2019-05-07 16:14:58来源:组稿人论文网作者:婷婷

  摘 要:方式构成在写实水墨人物画创作中具有重要意义, 本文试图在方式言语层面剖析方式构成言语体系与写实水墨人物画固有言语体系的矛盾和异质, 以及梳理新时期以来众多艺术家处理这些问题的计划和经历, 以取得对这一问题的客观审断, 总结对当下写实水墨人物画创作的启示。

  关键词:写实; 水墨人物画; 方式构成;

  新时期初始, 再一次的西学之风席卷美术界, “徐蒋体系”1写实水墨人物画款式跌下神坛, 不再一枝独秀。在阅历了一段徘徊彷徨之后, 写实水墨人物画家吸收方式构成等西方现代绘画言语和理论以顺应当代新文化语境, 使写实水墨焕发新的活力。

  早在20世纪初林风眠就将方式构成理论应用于中国画, 但由于新中国成立后的文艺政策等多方面缘由, 这种“中西交融”的方式遭到了较大的限制。而将方式构成系统地引入中国画创作理论与教学体系的是卢沉。卢沉作为新时期中国画改造派的出色代表, 将西方现代绘画言语与理论体系引入水墨人物画创作与教学理论, 并在中央美院开设了“水墨构成课”, 产生了普遍影响, 这关于写实水墨人物画的打破与开展同样具有重要意义。
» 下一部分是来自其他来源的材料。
lemma coprime_solutions_differ_by_even_multiple:
  fixes p q c1 d1 c2 d2 k :: int
  assumes "coprime p q" "coprime c1 d1" "coprime c2 d2" "even k"
    and "p * d1 - q * c1 = k" "p * d2 - q * c2 = k"
  obtains t where "even t" "c1 - c2 = t * p" "d1 - d2 = t * q"
proof -
  obtain t where t: "c1 - c2 = t * p" "d1 - d2 = t * q"
    using det_eq_imp_multiple[OF assms(1)] assms(5,6) by metis
  have "even (c1 - c2) \<and> even (d1 - d2)"
    using even_det_imp_same_parity[OF assms(1,2)] even_det_imp_same_parity[OF assms(1,3)]
      assms(4-6) even_diff by fastforce
  then have "even t"
    using t coprime_not_both_even[OF assms(1)] by auto
  with t show thesis using that by blast
qed

text \<open>The last component only serves to make \<open>height\<close> injective.\<close>
definition height :: "int \<times> int \<Rightarrow> int \<times> int \<times> int" where
  "height y = (snd y, \<bar>fst y\<bar>, fst y)"

lemma inj_height: "inj height"
  by (rule injI) (auto simp: height_def prod_eq_iff)

lemma less_height_imp:
  "height (a, b) < height (p, q) \<Longrightarrow> b \<le> q \<and> (b = q \<longrightarrow> \<bar>a\<bar> \<le> \<bar>p\<bar>)"
  by (auto simp: height_def less_prod_def)

lemma fdist_commute: "fdist x y = fdist y x"
  by (simp add: fdist_def abs_minus_commute mult.commute)

lemma symp_Fadj: "symp (Fadj k)"
  by (auto intro: sympI simp: Fadj_def fdist_commute)

lemma Fadj_irrefl: "k \<noteq> 0 \<Longrightarrow> \<not> Fadj k x x"
  by (simp add: Fadj_def fdist_def mult.commute)

lemma neg_notin_Vert: "(a, b) \<in> Vert \<Longrightarrow> (- a, - b) \<notin> Vert"
  by (auto simp: Vert_def)

lemma Vert_oriented_solution:
  fixes p q a b k :: int
  assumes "(a, b) \<in> Vert" "\<bar>p * b - q * a\<bar> = k"
  obtains s where "s = 1 \<or> s = -1" "p * (s * b) - q * (s * a) = k" "coprime (s * a) (s * b)"
proof -
  have "coprime a b" using assms(1) by (simp add: Vert_def)
  then show thesis
    using assms(2) that[of 1] that[of "-1"] by (auto simp: abs_if algebra_simps split: if_splits)
qed

lemma lower_solutions_top_or_eq:
  fixes p q a1 b1 a2 b2 k :: int
  assumes "even k" "coprime p q" "q > 0"
    and V: "(a1, b1) \<in> Vert" "(a2, b2) \<in> Vert"
    and dist: "\<bar>p * b1 - q * a1\<bar> = k" "\<bar>p * b2 - q * a2\<bar> = k"
    and low: "b1 \<le> q" "b1 = q \<Longrightarrow> \<bar>a1\<bar> \<le> \<bar>p\<bar>" "b2 \<le> q" "b2 = q \<Longrightarrow> \<bar>a2\<bar> \<le> \<bar>p\<bar>"
  shows "(a1, b1) = (p, q) \<or> (a1, b1) = (a2, b2)"
proof (rule disjCI)
  assume "(a1, b1) \<noteq> (a2, b2)"
  have b: "0 \<le> b1" "0 \<le> b2"
    using V by (auto simp: Vert_def)
  obtain s1 where s1: "s1 = 1 \<or> s1 = -1" "p * (s1 * b1) - q * (s1 * a1) = k"
      "coprime (s1 * a1) (s1 * b1)"
    using Vert_oriented_solution[OF V(1) dist(1)] .
  obtain s2 where s2: "s2 = 1 \<or> s2 = -1" "p * (s2 * b2) - q * (s2 * a2) = k"
      "coprime (s2 * a2) (s2 * b2)"
    using Vert_oriented_solution[OF V(2) dist(2)] .
  obtain t where t: "even t" "s1 * a1 - s2 * a2 = t * p" "s1 * b1 - s2 * b2 = t * q"
    using coprime_solutions_differ_by_even_multiple[OF \<open>coprime p q\<close> s1(3) s2(3) \<open>even k\<close> s1(2) s2(2)] .
  have "t \<noteq> 0"
  proof
    assume "t = 0"
    with t s1(1) s2(1) have "(a2, b2) = (a1, b1) \<or> (a2, b2) = (- a1, - b1)"
      by auto
    then show False
      using \<open>(a1, b1) \<noteq> (a2, b2)\<close> neg_notin_Vert[OF V(1)] V(2) by auto
  qed
  with \<open>even t\<close> have "2 \<le> \<bar>t\<bar>" by presburger
  then have "2 * q \<le> \<bar>t\<bar> * q"
    using \<open>q > 0\<close> by (simp add: mult_right_mono)
  also have "\<dots> = \<bar>s1 * b1 - s2 * b2\<bar>"
    using t(3) \<open>q > 0\<close> by (simp add: abs_mult)
  also have "\<dots> \<le> b1 + b2"
    using s1(1) s2(1) b by auto
  finally have "b1 = q" "b2 = q"
    using low(1,3) by linarith+
  with t(3) have "(s1 - s2) * q = t * q"
    by (simp add: algebra_simps)
  with \<open>q > 0\<close> have "t = s1 - s2"
    by simp
  with t(2) \<open>2 \<le> \<bar>t\<bar>\<close> s1(1) s2(1) have "a1 + a2 = 2 * p"
    by auto
  then show "(a1, b1) = (p, q)"
    using low \<open>b1 = q\<close> \<open>b2 = q\<close> by (auto simp: abs_if split: if_splits)
qed

lemma Fadj_lower_neighbour_unique:
  fixes k :: int
  assumes "k > 0" "even k"
    and adj: "Fadj k x y1" "Fadj k x y2"
    and lower: "height y1 < height x" "height y2 < height x"
  shows "y1 = y2"
proof -
  obtain p q a1 b1 a2 b2 where xy: "x = (p, q)" "y1 = (a1, b1)" "y2 = (a2, b2)"
    by (metis prod.exhaust)
  have V: "(a1, b1) \<in> Vert" "(a2, b2) \<in> Vert" "coprime p q"
    and dist: "\<bar>p * b1 - q * a1\<bar> = k" "\<bar>p * b2 - q * a2\<bar> = k"
    using adj xy by (auto simp: Fadj_def fdist_def Vert_def)
  have low: "b1 \<le> q" "b1 = q \<Longrightarrow> \<bar>a1\<bar> \<le> \<bar>p\<bar>" "b2 \<le> q" "b2 = q \<Longrightarrow> \<bar>a2\<bar> \<le> \<bar>p\<bar>"
    using less_height_imp lower xy by auto
  have "0 \<le> b1"
    using V(1) by (auto simp: Vert_def)
  with dist(1) low(1) \<open>k > 0\<close> have "q > 0"
    by (cases "q = 0") auto
  have "y1 \<noteq> x"
    using Fadj_irrefl[of k x] adj(1) \<open>k > 0\<close> by auto
  then show ?thesis
    using lower_solutions_top_or_eq[OF \<open>even k\<close> V(3) \<open>q > 0\<close> V(1,2) dist low] xy by auto
qed

lemma not_has_cycle_in_if_lower_neighbour_unique:
  fixes f :: "'a \<Rightarrow> 'b::linorder"
  assumes "symp E" "inj_on f S"
    and unique: "\<And>x y z. x \<in> S \<Longrightarrow> y \<in> S \<Longrightarrow> z \<in> S \<Longrightarrow> E x y \<Longrightarrow> E x z \<Longrightarrow>
      f y < f x \<Longrightarrow> f z < f x \<Longrightarrow> y = z"
  shows "\<not> has_cycle_in E S"
proof
  assume "has_cycle_in E S"
  then obtain cs where "3 \<le> length cs" "distinct cs" "set cs \<subseteq> S"
    and adj: "\<And>i. i < length cs \<Longrightarrow> E (cs ! i) (cs ! ((i + 1) mod length cs))"
    by (auto simp: has_cycle_in_def)
  define n where "n = length cs"
  have "Max (f ` set cs) \<in> f ` set cs"
    using \<open>3 \<le> length cs\<close> by (intro Max_in) auto
  then obtain i where "i < n" and top: "f (cs ! i) = Max (f ` set cs)"
    by (auto simp: n_def in_set_conv_nth)
  define j where "j = (if i + 1 = n then 0 else i + 1)"
  define h where "h = (if i = 0 then n - 1 else i - 1)"
  have "j < n" "h < n" "(i + 1) mod n = j" "(h + 1) mod n = i" "j \<noteq> i" "h \<noteq> i" "j \<noteq> h"
    using \<open>i < n\<close> \<open>3 \<le> length cs\<close> by (auto simp: j_def h_def n_def)
  have lower: "f (cs ! m) < f (cs ! i)" if "m < n" "m \<noteq> i" for m
  proof -
    have "cs ! m \<noteq> cs ! i"
      using \<open>distinct cs\<close> that \<open>i < n\<close> by (simp add: n_def nth_eq_iff_index_eq)
    moreover have "cs ! m \<in> S" "cs ! i \<in> S"
      using \<open>set cs \<subseteq> S\<close> that \<open>i < n\<close> by (auto simp: n_def)
    ultimately have "f (cs ! m) \<noteq> f (cs ! i)"
      using \<open>inj_on f S\<close> by (auto dest: inj_onD)
    moreover have "f (cs ! m) \<le> f (cs ! i)"
      using top that by (simp add: n_def)
    ultimately show ?thesis by simp
  qed
  have "E (cs ! i) (cs ! j)" "E (cs ! i) (cs ! h)"
    using adj \<open>i < n\<close> \<open>h < n\<close> \<open>(i + 1) mod n = j\<close> \<open>(h + 1) mod n = i\<close> \<open>symp E\<close>
    by (auto simp: n_def dest: sympD)
  moreover have "cs ! i \<in> S" "cs ! j \<in> S" "cs ! h \<in> S"
    using \<open>set cs \<subseteq> S\<close> \<open>i < n\<close> \<open>j < n\<close> \<open>h < n\<close> by (auto simp: n_def)
  ultimately have "cs ! j = cs ! h"
    using unique lower[OF \<open>j < n\<close> \<open>j \<noteq> i\<close>] lower[OF \<open>h < n\<close> \<open>h \<noteq> i\<close>] by blast
  then show False
    using \<open>distinct cs\<close> \<open>j < n\<close> \<open>h < n\<close> \<open>j \<noteq> h\<close> by (simp add: n_def nth_eq_iff_index_eq)
qed

lemma rtranclp_imp_rtranclp_within_component:
  assumes "E\<^sup>*\<^sup>* v w"
  shows "(\<lambda>a b. a \<in> component E v \<and> b \<in> component E v \<and> E a b)\<^sup>*\<^sup>* v w"
  using assms
proof (induction rule: rtranclp_induct)
  case (step y z)
  then have "y \<in> component E v" "z \<in> component E v"
    by (auto simp: component_def)
  with step show ?case
    by (simp add: rtranclp.rtrancl_into_rtrancl)
qed simp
  方式构成引入写实水墨人物画无疑对加强画面视觉张力和感染力具有重要意义, 同时为艺术家摆脱呆板描摹、充沛发挥主体的能动性、探究个性化的方式言语提供了宏大空间。但同时还要看到, 写实水墨人物画理论中关于方式构成理论的应用, 具有很大的矛盾和问题需求面对和处理。

  方式构成引入中国画言语体系, 依然是“中西交融”的问题, “中西交融”是20世纪绘画史的重要语汇, 这一命题一定是树立在外来绘画言语系统和价值体系的侵入和固有言语系统和价值体系的消解之上。“把中西两种绘画方式言语融和为一, 经常会使探究者步入进退两难之境。方式言语与观赏习气连在一同, 又与相应的内涵和文化构造不可分。如何融和而不是拼合, 如何选择与弃取, 如何与内在的统一性相符, 实是极艰难的事。”2此外, 方式构成引入水墨画, 在以笔墨言语为主、本就强调方式兴趣的山水、花鸟画中或许更容易找到契合点, 但在写实水墨人物画中应用这种笼统性的言语, 问题就会非常复杂。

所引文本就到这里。